What you have to remember is that the code you write is never seen by the computer. It's compiled. That compiled machine code is what tell the computer to do something.
When you pull out a huge function like sprintf, you're going to get SLOW performance. Even though it LOOKS like it's a one-line instruction, you're looking at hundreds of lines of code once the compiler's done with it. This is true with ANY string manipulation. Leave it the hell alone if you want speed. Debugging statements can be the worst thing you can do - the slow-down resulting from the printing can change how the code interacts, and often these "load-bearing prints" are left in, because the developer doesn't know how to fix the race condition.
Remember that one line in your code isn't one instruction, and the more you pile on, the more likely it is that your code will be interrupted and write random values to random places. I've had huge bugs caused by a macro that took up a total of three lines.
It was to fix a problem with analog ports on a PIC16F88. Any write would turn all the pins off, so it was fixed with a shadow register. To set a pin, it would read the existing PORT A, then set the pin, then write the shadow register to the physical port.
Occasionally, an interrupt would be triggered between the read and write instructions, putting random data on the port, causing the system to fail.
Admin
I only see one problem with that codem the commonly forgotten MINT_MIN. You should either treat it separtly or not negate the input, the former probably being the better idea.
The code could use some cleaning up and a short comment and fixing of this but but there is nothing that makes this a WTF.
And single letter variables are not bad in any way as long as they are few and their scope is short. I have never understod this fobia. Just because something can be abused doesn't mean it is bad. These days there is actually more abuse of long variable names than there is of short. I have seen programs rendered unreadbale from both too much logn variable names and too many one letter variables. Everything has to be used with common sense and in moderation.
Admin
MINT_MIN, mmmmmmm
Obviosuly I meant MIN_LONG.
Admin
Yes, there's printf, which does (for 10+ years now, anyway) support adding a locale-dependent thousands-grouping character. But that's a pain to deal with when you don't want to be locale-dependent.
Admin
Why would you be going through a million lines of code bottom up? You'll just confuse yourself and blow a gasket.

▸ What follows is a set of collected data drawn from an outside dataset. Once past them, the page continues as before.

text \<open>Pass to the singular coordinates of \<open>C = U diag(\<lambda>) V\<^sup>T\<close>: the maximizer \<open>\<pi>\<close> becomes a
  projection \<open>G\<close>, a competitor a projection \<open>P\<close>, and \<open>E\<close> a matrix \<open>F\<close> of operator norm
  \<open>\<sigma>\<^sub>1\<close>. Maximality forces the diagonal of \<open>G\<close> onto the top \<open>r\<close> indices, up to a block of
  indices sharing the value \<open>\<lambda>\<^sub>r\<close>, so \<open>G\<close> commutes with \<open>D = diag(\<lambda>)\<close>. With
  \<open>X = P(1 - G)D\<close> and \<open>Y = (1 - P)GD\<close> one has \<open>(P - G)D = X - Y\<close> and, by the commutation,
  \<open>\<parallel>PD\<parallel>\<^sup>2 - \<parallel>GD\<parallel>\<^sup>2 = \<parallel>X\<parallel>\<^sup>2 - \<parallel>Y\<parallel>\<^sup>2\<close>. Since \<open>X\<close> lives between projections of ranks \<open>r\<close> and
  \<open>M - r\<close>, and so does \<open>Y\<close>, Cauchy--Schwarz gives \<open>Z \<le> p\<^sup>2 - q\<^sup>2 + 2\<sigma>\<^sub>1\<surd>r\<^sub>M (p + q)\<close> for
  \<open>p = \<parallel>X\<parallel>, q = \<parallel>Y\<parallel>\<close>. Both squared norms are weighted sums of \<open>\<lambda>\<^sub>i\<^sup>2\<close> with the same total
  weight \<open>t = r - tr(PG) \<le> r\<^sub>M\<close>, the weights of \<open>X\<close> avoiding the top block and those of \<open>Y\<close>
  avoiding the rest; hence \<open>p\<^sup>2 \<le> \<lambda>\<^sub>r\<^sup>2 t \<le> q\<^sup>2 \<le> \<lambda>\<^sub>1\<^sup>2 t\<close>, \<open>p\<^sup>2 \<le> \<lambda>\<^sub>r\<^sub>+\<^sub>1\<^sup>2 t\<close> under a gap, and
  \<open>p\<^sup>2 \<le> \<Delta>\<^sub>r\<close>. The three bounds are three ways of maximizing the excess under these
  constraints.\<close>

section \<open>Trace and Hilbert--Schmidt norm\<close>

lemma transpose_mat_diag [simp]: "transpose_mat (mat_diag n f) = mat_diag n f"
  by (rule eq_matI) (auto simp: mat_diag_def)

lemma mtrace_mult_comm:
  assumes "A \<in> carrier_mat n m" and "B \<in> carrier_mat m n"
  shows "mtrace (A * B) = mtrace (B * A)"
proof -
  have "mtrace (A * B) = (\<Sum>i<n. \<Sum>k<m. A $$ (i,k) * B $$ (k,i))"
    using assms by (simp add: mtrace_def scalar_prod_def atLeast0LessThan)
  also have "\<dots> = (\<Sum>k<m. \<Sum>i<n. B $$ (k,i) * A $$ (i,k))"
    by (subst sum.swap) (simp add: mult.commute)
  also have "\<dots> = mtrace (B * A)"
    using assms by (simp add: mtrace_def scalar_prod_def atLeast0LessThan)
  finally show ?thesis .
qed

lemma mtrace_diff:
  "A \<in> carrier_mat n n \<Longrightarrow> B \<in> carrier_mat n n \<Longrightarrow> mtrace (A - B) = mtrace A - mtrace B"
  by (simp add: mtrace_def sum_subtractf)

lemma mtrace_one_mat [simp]: "mtrace (1\<^sub>m n) = real n"
  by (simp add: mtrace_def)

lemma mtrace_mult_mat_diag:
  "A \<in> carrier_mat n n \<Longrightarrow> mtrace (A * mat_diag n f) = (\<Sum>i<n. A $$ (i,i) * f i)"
  by (simp add: mtrace_def mat_diag_mult_right)

definition hs_sq :: "real mat \<Rightarrow> real" where
  "hs_sq A = mtrace (transpose_mat A * A)"

lemma mtrace_transpose_mult_eq_sum:
  assumes "A \<in> carrier_mat n m" and "B \<in> carrier_mat n m"
  shows "mtrace (transpose_mat A * B) = (\<Sum>(j,i)\<in>{..<m}\<times>{..<n}. A $$ (i,j) * B $$ (i,j))"
  using assms by (simp add: mtrace_def scalar_prod_def atLeast0LessThan sum.cartesian_product)

lemma hs_sq_eq_sum:
  "A \<in> carrier_mat n m \<Longrightarrow> hs_sq A = (\<Sum>j<m. \<Sum>i<n. (A $$ (i,j))\<^sup>2)"
  by (simp add: hs_sq_def mtrace_def scalar_prod_def atLeast0LessThan power2_eq_square)

lemma hs_sq_nonneg: "A \<in> carrier_mat n m \<Longrightarrow> 0 \<le> hs_sq A"
  by (simp add: hs_sq_eq_sum sum_nonneg)

lemma hs_norm_power2: "A \<in> carrier_mat n m \<Longrightarrow> (hs_norm A)\<^sup>2 = hs_sq A"
  by (simp add: hs_norm_def hs_sq_eq_sum sum_nonneg sum.swap[of _ "{..<n}"])
(* Assume (A1)–(A3) hold and let $\{x_k\}$ be an infinite sequence generated by LMLS. Then for all $k\ge0$: (i) $\{D_k\}$ is convergent and $\lim_{k\to\infty}D_k=\lim_{k\to\infty}\psi(x_k)$; (ii) $\nabla\psi(x_k)^Td_k\le -c_1\|\nabla\psi(x_k)\|^2$, where $c_1:=(L_0^2+\overline{\mu})^{-1}$ and $\overline{\mu}:=(\xi_{\max}+\omega_{\max}L_0^{\eta})\|h(x_0)\|^{\eta}$; (iii) LMLS either stops after finitely many iterations at an $x_k$ with $\|h(x_k)\|\le\varepsilon$ or $\|\nabla\psi(x_k)\|\le\varepsilon$, or generates an infinite sequence $\{x_k\}$ with $\lim_{k\to\infty}\|\nabla\psi(x_k)\|=0$, so that every accumulation point of $\{x_k\}$ is a stationary point of $\psi$.
   Context: Let $h:\mathbb{R}^m\to\mathbb{R}^n$ be continuously differentiable; $\nabla h(x)\in\mathbb{R}^{m\times n}$ denotes the transposed Jacobian, $\|\cdot\|$ the Euclidean norm (operator norm for matrices), $\psi(x):=\frac12\|h(x)\|^2$, so $\nabla\psi(x)=\nabla h(x)h(x)$; $\Omega:=\{x:h(x)=0\}\neq\emptyset$; $\mathcal{L}(x_0):=\{x:\psi(x)\le\psi(x_0)\}$. Assumptions: (A1) for some $x^*\in\Omega$ there are $\delta\in\,]0,1]$, $\beta>0$, $\mathtt r\in\,]0,1[$ with $\beta\,\mathrm{dist}(x,\Omega)\le\|h(x)\|^\delta$ whenever $\|x-x^*\|\le\mathtt r$. (A2) $\mathcal{L}(x_0)$ is bounded. (A3) $\|\nabla h(x)-\nabla h(y)\|\le L\|x-y\|$ for all $x,y$. $L_0>0$ is a constant with $\|\nabla h(x)\|\le L_0$ on $\mathcal{L}(x_0)$. Algorithm LMLS: parameters $x_0$, $\varepsilon>0$, $\overline{\alpha}>0$, $\rho,\sigma\in\,]0,1[$, $\eta\in\,]0,4\delta[$, $0\le\xi_{\min}\le\xi_{\max}$, $0\le\omega_{\min}\le\omega_{\max}$ with $\xi_{\min}+\omega_{\min}>0$, $0\le\theta_{\min}\le\theta_{\max}<1$, sequences $\xi_k\in[\xi_{\min},\xi_{\max}]$, $\omega_k\in[\omega_{\min},\omega_{\max}]$, $\theta_k\in[\theta_{\min},\theta_{\max}]$; $D_0:=\psi(x_0)$. At iteration $k$: stop if $\|h(x_k)\|\le\varepsilon$ or $\|\nabla\psi(x_k)\|\le\varepsilon$; otherwise $\mu_k:=\xi_k\|h(x_k)\|^\eta+\omega_k\|\nabla h(x_k)h(x_k)\|^\eta$, $d_k$ solves $(\nabla h(x_k)\nabla h(x_k)^T+\mu_kI)d=-\nabla h(x_k)h(x_k)$, $\alpha_k:=\rho^{\ell_k}\overline{\alpha}$ with $\ell_k$ the smallest integer $\ell\ge0$ such that $\psi(x_k+\rho^\ell\overline{\alpha}d_k)\le D_k+\sigma\rho^\ell\overline{\alpha}\nabla\psi(x_k)^Td_k$, $x_{k+1}:=x_k+\alpha_kd_k$, $D_{k+1}:=(1-\theta_k)\psi(x_{k+1})+\theta_kD_k$. *)

theory Defs
  imports "HOL-Analysis.Analysis"
begin

definition mnorm :: "real^'a^'b \<Rightarrow> real" where
  "mnorm A = onorm (\<lambda>v. A *v v)"

text \<open>Transposed Jacobian: nabla h(x) is the m x n matrix transpose (J x), where J x is the
  n x m Jacobian of h at x.\<close>
definition gradh :: "(real^'m::finite \<Rightarrow> real^'m^'n::finite) \<Rightarrow> real^'m \<Rightarrow> real^'n^'m" where
  "gradh J x = transpose (J x)"

definition psi :: "(real^'m \<Rightarrow> real^'n) \<Rightarrow> real^'m \<Rightarrow> real" where
  "psi h x = (1/2) * (norm (h x))^2"

definition gradpsi :: "(real^'m::finite \<Rightarrow> real^'n::finite) \<Rightarrow> (real^'m \<Rightarrow> real^'m^'n) \<Rightarrow> real^'m \<Rightarrow> real^'m" where
  "gradpsi h J x = gradh J x *v h x"

end

theory Submission
  imports Defs
begin

text \<open>
  The Levenberg-Marquardt direction solves (A A^T + mu I) d = -g with A = nabla h(x_k) and
  g = nabla psi(x_k); writing g = -(A w + mu d) with w = A^T d gives
  g.d <= -|g|^2 / (|A|^2 + mu) and mu |d| <= |g|. The nonmonotone Armijo rule keeps
  psi(x_k) <= D_k <= psi(x_0), so the iterates stay in the bounded level set, where |A| <= L0
  and mu_k <= mu-bar; this is (ii). The reference values D_k decrease and are bounded below,
  and D_k - psi(x_(k+1)) = (D_k - D_(k+1)) / (1 - theta_k) tends to 0; this is (i).
  The decreases of D_k are summable, so alpha_k g_k.d_k tends to 0. As long as
  g_k.d_k <= -c < 0 the step alpha_k stays bounded away from 0: by the mean value theorem the
  rejected trial step alpha_k / rho produces a point of the segment where the directional
  derivative exceeds g_k.d_k by (1 - sigma) c, which uniform continuity of nabla psi on a
  compact set containing all iterates and trial points rules out for short steps. Hence
  g_k.d_k tends to 0, so |nabla psi(x_k)| tends to 0 by (ii), and (iii) follows by continuity.
\<close>

section \<open>Armijo backtracking along a line\<close>

lemma has_real_derivative_along_line:
  fixes f :: "'a::real_inner \<Rightarrow> real"
  assumes gradient: "\<And>z. (f has_derivative (\<lambda>v. G z \<bullet> v)) (at z)"
  shows "((\<lambda>s. f (x + s *\<^sub>R d)) has_real_derivative G (x + s *\<^sub>R d) \<bullet> d) (at s)"
proof -
  have "((\<lambda>s. x + s *\<^sub>R d) has_derivative (\<lambda>t. t *\<^sub>R d)) (at s)"
    by (auto intro!: derivative_eq_intros)
  from has_derivative_compose[OF this gradient]
  show ?thesis
    unfolding has_field_derivative_def by (rule has_derivative_eq_rhs) (auto simp: fun_eq_iff)
qed

lemma mvt_along_line:
  fixes f :: "'a::real_inner \<Rightarrow> real"
  assumes gradient: "\<And>z. (f has_derivative (\<lambda>v. G z \<bullet> v)) (at z)" and "0 < t"
  obtains z where "0 < z" "z < t" "f (x + t *\<^sub>R d) - f x = t * (G (x + z *\<^sub>R d) \<bullet> d)"
proof -
  have "\<exists>z>0. z < t \<and> f (x + t *\<^sub>R d) - f (x + 0 *\<^sub>R d) = (t - 0) * (G (x + z *\<^sub>R d) \<bullet> d)"
    by (rule MVT2[OF \<open>0 < t\<close>]) (rule has_real_derivative_along_line[OF gradient])
  with that show thesis
    by auto
qed

lemma armijo_rejection_gradient_gap:
  fixes f :: "'a::real_inner \<Rightarrow> real" and sigma :: real
  assumes gradient: "\<And>z. (f has_derivative (\<lambda>v. G z \<bullet> v)) (at z)"
    and "0 < t" and "f x \<le> R"
    and rejected: "R + sigma * t * (G x \<bullet> d) < f (x + t *\<^sub>R d)"
  obtains z where "0 < z" "z < t" "(1 - sigma) * - (G x \<bullet> d) < (G (x + z *\<^sub>R d) - G x) \<bullet> d"
proof -
  obtain z where z: "0 < z" "z < t" "f (x + t *\<^sub>R d) - f x = t * (G (x + z *\<^sub>R d) \<bullet> d)"
    using mvt_along_line[OF gradient \<open>0 < t\<close>] .
  with rejected \<open>f x \<le> R\<close> have "sigma * t * (G x \<bullet> d) < t * (G (x + z *\<^sub>R d) \<bullet> d)"
    by linarith
  with \<open>0 < t\<close> have "sigma * (G x \<bullet> d) < G (x + z *\<^sub>R d) \<bullet> d"
    by (simp add: mult.commute[of sigma t] mult.assoc)
  with z show thesis
    by (intro that) (simp_all add: inner_diff_left algebra_simps)
qed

Structured code makes much more sense from the top down, seeing a high level function and then figuring out what each part does if needed. That way you have a context and know what sort of problem the previous programmer was trying to solve.
How hard is this to figure out?
You don't need a comment more code to know what is going on. Not unless there is a problem with how some numbers are printing -- which doesn't look, from the function posted, likely.
Admin
Agree'd. Not an enterprisey solution.
Admin
This code is just fine: static char *nice_num(long n) ...
This code would be a WTF: // String formatting library for use with all threading // configurations, countries, and future number sizes.
static char *nice_num(long n) ...
If you're writing a general purpose library to be used for years to come, then you should make sure your code handles all possible cases. If you're writing a function for use in a single program with defined parameters, then doing so would be a waste of time, space, and quite possibly obfuscate the code unnecessarily.